> _Data shown_
(* Let $f$ be an $(n-1)$-variable Boolean function and let $\bar f$ be the $n$-variable Boolean function $\bar f(x_1,\dots,x_n)=x_n+f(x_1,\dots,x_{n-1})$. Then $$\min({FAI}(f),{FAI}(1+f)+1)\le{FAI}(\bar f)\le\mathcal{FAI}(f)+2.$$
   Context: An $m$-variable Boolean function is a map $\mathbb{F}_2^m\to\mathbb{F}_2$, with algebraic degree $\deg$ the degree of its algebraic normal form. For $h$ an $m$-variable function, ${AN}^c(h)$ is the set of $g$ with $h\cdot g\neq0$, ${FAI}(h)$ is the minimum of $\deg(g)+\deg(h\cdot g)$ over $g\in{AN}^c(h)$, $g\neq 1$, and $\mathcal{FAI}(h)=\min({FAI}(h),{FAI}(1+h))$. *)

theory Defs
  imports Main "HOL-Library.Extended_Nat"
begin

text \<open>Points of F_2^m are boolean lists of length m; an m-variable Boolean
function is a map bool list to bool, of which only the values on lists of
length m matter. Addition in F_2 is xor, multiplication is conjunction.\<close>

definition bvecs :: "nat \<Rightarrow> bool list set" where
  "bvecs m = {x. length x = m}"

definition supp :: "bool list \<Rightarrow> nat set" where
  "supp x = {i. i < length x \<and> x ! i}"

text \<open>ANF coefficient of the monomial prod_{i in S} x_i (Moebius transform):
a_S = sum over x with supp x subset of S of h x, in F_2.\<close>
definition anf_coeff :: "nat \<Rightarrow> (bool list \<Rightarrow> bool) \<Rightarrow> nat set \<Rightarrow> bool" where
  "anf_coeff m h S = odd (card {x \<in> bvecs m. supp x \<subseteq> S \<and> h x})"

definition alg_deg :: "nat \<Rightarrow> (bool list \<Rightarrow> bool) \<Rightarrow> nat" where
  "alg_deg m h = Max (insert 0 {card S | S. S \<subseteq> {..<m} \<and> anf_coeff m h S})"

definition bprod :: "(bool list \<Rightarrow> bool) \<Rightarrow> (bool list \<Rightarrow> bool) \<Rightarrow> bool list \<Rightarrow> bool" where
  "bprod h g = (\<lambda>x. h x \<and> g x)"

definition bcompl :: "(bool list \<Rightarrow> bool) \<Rightarrow> bool list \<Rightarrow> bool" where
  "bcompl h = (\<lambda>x. \<not> h x)"   \<comment> \<open>1 + h\<close>

definition ANc :: "nat \<Rightarrow> (bool list \<Rightarrow> bool) \<Rightarrow> (bool list \<Rightarrow> bool) set" where
  "ANc m h = {g. \<exists>x\<in>bvecs m. bprod h g x}"

text \<open>FAI(h) = min { deg g + deg (h g) | g in AN^c(h), g \<noteq> 1 }; min of the empty set is infinity.\<close>
definition FAI :: "nat \<Rightarrow> (bool list \<Rightarrow> bool) \<Rightarrow> enat" where
  "FAI m h = Inf {enat (alg_deg m g + alg_deg m (bprod h g)) | g.
                   g \<in> ANc m h \<and> \<not> (\<forall>x\<in>bvecs m. g x)}"

definition FAIcal :: "nat \<Rightarrow> (bool list \<Rightarrow> bool) \<Rightarrow> enat" where
  "FAIcal m h = min (FAI m h) (FAI m (bcompl h))"

text \<open>fbar(x_1,...,x_n) = x_n + f(x_1,...,x_{n-1}), with n = m + 1.\<close>
definition fbar :: "nat \<Rightarrow> (bool list \<Rightarrow> bool) \<Rightarrow> bool list \<Rightarrow> bool" where
  "fbar m f = (\<lambda>x. (x ! m) \<noteq> f (take m x))"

> _Your assignment_
Every record here must be output exactly, word for word.

> _Expected answer_
(* Let $f$ be an $(n-1)$-variable Boolean function and let $\bar f$ be the $n$-variable Boolean function $\bar f(x_1,\dots,x_n)=x_n+f(x_1,\dots,x_{n-1})$. Then $$\min({FAI}(f),{FAI}(1+f)+1)\le{FAI}(\bar f)\le\mathcal{FAI}(f)+2.$$
   Context: An $m$-variable Boolean function is a map $\mathbb{F}_2^m\to\mathbb{F}_2$, with algebraic degree $\deg$ the degree of its algebraic normal form. For $h$ an $m$-variable function, ${AN}^c(h)$ is the set of $g$ with $h\cdot g\neq0$, ${FAI}(h)$ is the minimum of $\deg(g)+\deg(h\cdot g)$ over $g\in{AN}^c(h)$, $g\neq 1$, and $\mathcal{FAI}(h)=\min({FAI}(h),{FAI}(1+h))$. *)

theory Defs
  imports Main "HOL-Library.Extended_Nat"
begin

text \<open>Points of F_2^m are boolean lists of length m; an m-variable Boolean
function is a map bool list to bool, of which only the values on lists of
length m matter. Addition in F_2 is xor, multiplication is conjunction.\<close>

definition bvecs :: "nat \<Rightarrow> bool list set" where
  "bvecs m = {x. length x = m}"

definition supp :: "bool list \<Rightarrow> nat set" where
  "supp x = {i. i < length x \<and> x ! i}"

text \<open>ANF coefficient of the monomial prod_{i in S} x_i (Moebius transform):
a_S = sum over x with supp x subset of S of h x, in F_2.\<close>
definition anf_coeff :: "nat \<Rightarrow> (bool list \<Rightarrow> bool) \<Rightarrow> nat set \<Rightarrow> bool" where
  "anf_coeff m h S = odd (card {x \<in> bvecs m. supp x \<subseteq> S \<and> h x})"

definition alg_deg :: "nat \<Rightarrow> (bool list \<Rightarrow> bool) \<Rightarrow> nat" where
  "alg_deg m h = Max (insert 0 {card S | S. S \<subseteq> {..<m} \<and> anf_coeff m h S})"

definition bprod :: "(bool list \<Rightarrow> bool) \<Rightarrow> (bool list \<Rightarrow> bool) \<Rightarrow> bool list \<Rightarrow> bool" where
  "bprod h g = (\<lambda>x. h x \<and> g x)"

definition bcompl :: "(bool list \<Rightarrow> bool) \<Rightarrow> bool list \<Rightarrow> bool" where
  "bcompl h = (\<lambda>x. \<not> h x)"   \<comment> \<open>1 + h\<close>

definition ANc :: "nat \<Rightarrow> (bool list \<Rightarrow> bool) \<Rightarrow> (bool list \<Rightarrow> bool) set" where
  "ANc m h = {g. \<exists>x\<in>bvecs m. bprod h g x}"

text \<open>FAI(h) = min { deg g + deg (h g) | g in AN^c(h), g \<noteq> 1 }; min of the empty set is infinity.\<close>
definition FAI :: "nat \<Rightarrow> (bool list \<Rightarrow> bool) \<Rightarrow> enat" where
  "FAI m h = Inf {enat (alg_deg m g + alg_deg m (bprod h g)) | g.
                   g \<in> ANc m h \<and> \<not> (\<forall>x\<in>bvecs m. g x)}"

definition FAIcal :: "nat \<Rightarrow> (bool list \<Rightarrow> bool) \<Rightarrow> enat" where
  "FAIcal m h = min (FAI m h) (FAI m (bcompl h))"

text \<open>fbar(x_1,...,x_n) = x_n + f(x_1,...,x_{n-1}), with n = m + 1.\<close>
definition fbar :: "nat \<Rightarrow> (bool list \<Rightarrow> bool) \<Rightarrow> bool list \<Rightarrow> bool" where
  "fbar m f = (\<lambda>x. (x ! m) \<noteq> f (take m x))"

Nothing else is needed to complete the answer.